### Your goal
Copy out every line of the records in which "simp" can be found.
***** Data extracts
lemma FVC_cycle_avoids_F:
  assumes wf: "wf_mgraph G" and fvc: "FVC G C F"
    and c: "is_cycle G vs es" and avoid: "set vs \<inter> C = {}"
  shows "set vs \<inter> F = {}"
proof (rule ccontr)
  assume "set vs \<inter> F \<noteq> {}"
  then obtain u where u: "u \<in> set vs" "u \<in> F" by blast
  define T where "T = {v \<in> verts (induced G F). (u, v) \<in> (adj (induced G F))\<^sup>*}"
  define Out where "Out = verts G - (C \<union> F)"
  have uV: "u \<in> verts G" using u is_cycle_verts[OF c] by auto
  have T: "T \<in> components (induced G F)" unfolding components_def T_def using u uV by auto
  have uT: "u \<in> T" unfolding T_def using u uV by auto
  show False
  proof (cases "set vs \<subseteq> T")
    case True
    then have "is_cycle (induced G F) vs es"
      using c component_subset_verts[OF T] unfolding is_cycle_induced by auto
    then show False using fvc unfolding FVC_def forest_iff_no_cycle by blast
  next
    case False
    then obtain w where "w \<in> set vs" "w \<notin> T" by blast
    then have two: "2 \<le> card {e \<in> set es. (fst (ends G e) \<in> T) \<noteq> (snd (ends G e) \<in> T)}"
      (is "_ \<le> card ?X") using is_cycle_crosses_twice[OF c u(1) uT] by blast
    have "?X \<subseteq> {e \<in> edges G. (fst (ends G e) \<in> T \<and> snd (ends G e) \<in> Out) \<or>
                                (fst (ends G e) \<in> Out \<and> snd (ends G e) \<in> T)}"
    proof
      fix e assume e: "e \<in> ?X"
      have "joins G e (fst (ends G e)) (snd (ends G e))"
        "joins G e (snd (ends G e)) (fst (ends G e))"
        using joins_ends joins_sym by metis+
      moreover have "e \<in> edges G" "fst (ends G e) \<in> set vs" "snd (ends G e) \<in> set vs"
        using e is_cycle_edge_ends[OF c] c unfolding is_cycle_def by auto
      ultimately show "e \<in> {e \<in> edges G. (fst (ends G e) \<in> T \<and> snd (ends G e) \<in> Out) \<or>
                                   (fst (ends G e) \<in> Out \<and> snd (ends G e) \<in> T)}"
        using e FVC_component_exit[OF fvc T] avoid is_cycle_verts[OF c] unfolding Out_def by blast
    qed
    then have "card ?X \<le> n_edges_between G T Out"
      unfolding n_edges_between_def using wf unfolding wf_mgraph_def by (intro card_mono) auto
    also have "\<dots> \<le> 1" using fvc T unfolding FVC_def Out_def by auto
    finally show False using two by simp
  qed
qed

lemma is_fvs_iff: "is_fvs G X \<longleftrightarrow> X \<subseteq> verts G \<and> (\<forall>vs es. is_cycle G vs es \<longrightarrow> set vs \<inter> X \<noteq> {})"
  unfolding is_fvs_def forest_iff_no_cycle is_cycle_del_verts by blast

lemma fvs_le_card: "is_fvs G X \<Longrightarrow> fvs G \<le> card X"
  unfolding fvs_def by (rule Least_le) blast

lemma min_fvs_exists:
  assumes "finite (verts G)"
  shows "\<exists>X. min_fvs G X"
proof -
  have "is_fvs G (verts G)" unfolding is_fvs_iff
  proof (intro conjI allI impI)
    fix vs es assume c: "is_cycle G vs es"
    then have "vs \<noteq> []" unfolding is_cycle_def by auto
    then show "set vs \<inter> verts G \<noteq> {}" using is_cycle_verts[OF c] by (simp add: Int_absorb2)
  qed simp
  then have "\<exists>X. is_fvs G X \<and> card X = card (verts G)" by blast
  then show ?thesis
    unfolding min_fvs_def fvs_def by (rule LeastI[where P = "\<lambda>n. \<exists>X. is_fvs G X \<and> card X = n"])
qed

lemma min_fvsI:
  assumes "finite (verts G)" "is_fvs G C" "\<And>X. is_fvs G X \<Longrightarrow> card C \<le> card X"
  shows "min_fvs G C"
  using assms min_fvs_exists[OF assms(1)] fvs_le_card unfolding min_fvs_def by (metis le_antisym)

lemma min_fvs_le_card: "min_fvs G C \<Longrightarrow> is_fvs G X \<Longrightarrow> card C \<le> card X"
  unfolding min_fvs_def using fvs_le_card by simp

lemma fvs_subgraph_mono:
  assumes "subgraph H G" "finite (verts G)"
  shows "fvs H \<le> fvs G"
proof -
  obtain Z where Z: "min_fvs G Z" using min_fvs_exists[OF assms(2)] by blast
  have "is_fvs H (Z \<inter> verts H)"
    using Z is_cycle_subgraph[OF assms(1)] is_cycle_verts
    unfolding min_fvs_def is_fvs_iff by blast
  then have "fvs H \<le> card (Z \<inter> verts H)" by (rule fvs_le_card)
  also have "\<dots> \<le> card Z"
    using Z assms(2) unfolding min_fvs_def is_fvs_def by (meson card_mono finite_subset inf_le1)
  finally show ?thesis using Z unfolding min_fvs_def by simp
qed

lemma is_fvs_induced: "is_fvs G C \<Longrightarrow> is_fvs (induced G K) (C \<inter> K)"
  unfolding is_fvs_iff is_cycle_induced by auto

lemma is_fvs_del_verts: "is_fvs G C \<Longrightarrow> is_fvs (del_verts G S) (C - S)"
  unfolding is_fvs_iff is_cycle_del_verts by auto

lemma is_fvs_replace_component:
  assumes K: "K \<in> components G" and C: "is_fvs G C" and X: "is_fvs (induced G K) X"
  shows "is_fvs G ((C - K) \<union> X)"
  unfolding is_fvs_iff
proof (intro conjI allI impI)
  show "C - K \<union> X \<subseteq> verts G" using C X unfolding is_fvs_def by auto
next
  fix vs es assume c: "is_cycle G vs es"
  show "set vs \<inter> (C - K \<union> X) \<noteq> {}"
  proof (cases "set vs \<inter> K = {}")
    case True
    then show ?thesis using C c unfolding is_fvs_iff by blast
  next
    case False
    then have "set vs \<subseteq> K" using is_cycle_within_component[OF K c] by blast
    then show ?thesis using X c unfolding is_fvs_iff is_cycle_induced by blast
  qed
qed

lemma min_fvs_component:
  assumes fin: "finite (verts G)" and C: "min_fvs G C" and K: "K \<in> components G"
  shows "fvs (induced G K) = card (C \<inter> K)"
proof (rule antisym)
  have CV: "is_fvs G C" "finite C"
    using C fin unfolding min_fvs_def is_fvs_def by (auto intro: finite_subset)
  show "fvs (induced G K) \<le> card (C \<inter> K)" by (rule fvs_le_card[OF is_fvs_induced[OF CV(1)]])
  obtain X where X: "min_fvs (induced G K) X" using min_fvs_exists[of "induced G K"] fin by auto
  have "card C \<le> card ((C - K) \<union> X)"
    using min_fvs_le_card[OF C is_fvs_replace_component[OF K CV(1)]] X
    unfolding min_fvs_def by blast
  also have "\<dots> \<le> card (C - K) + card X" by (rule card_Un_le)
  finally show "card (C \<inter> K) \<le> fvs (induced G K)"
    using card_Int_Diff[OF CV(2), of K] X unfolding min_fvs_def by linarith
qed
**********
### Exercise output
    finally show False using two by simp
    then show "set vs \<inter> verts G \<noteq> {}" using is_cycle_verts[OF c] by (simp add: Int_absorb2)
  qed simp
  unfolding min_fvs_def using fvs_le_card by simp
  finally show ?thesis using Z unfolding min_fvs_def by simp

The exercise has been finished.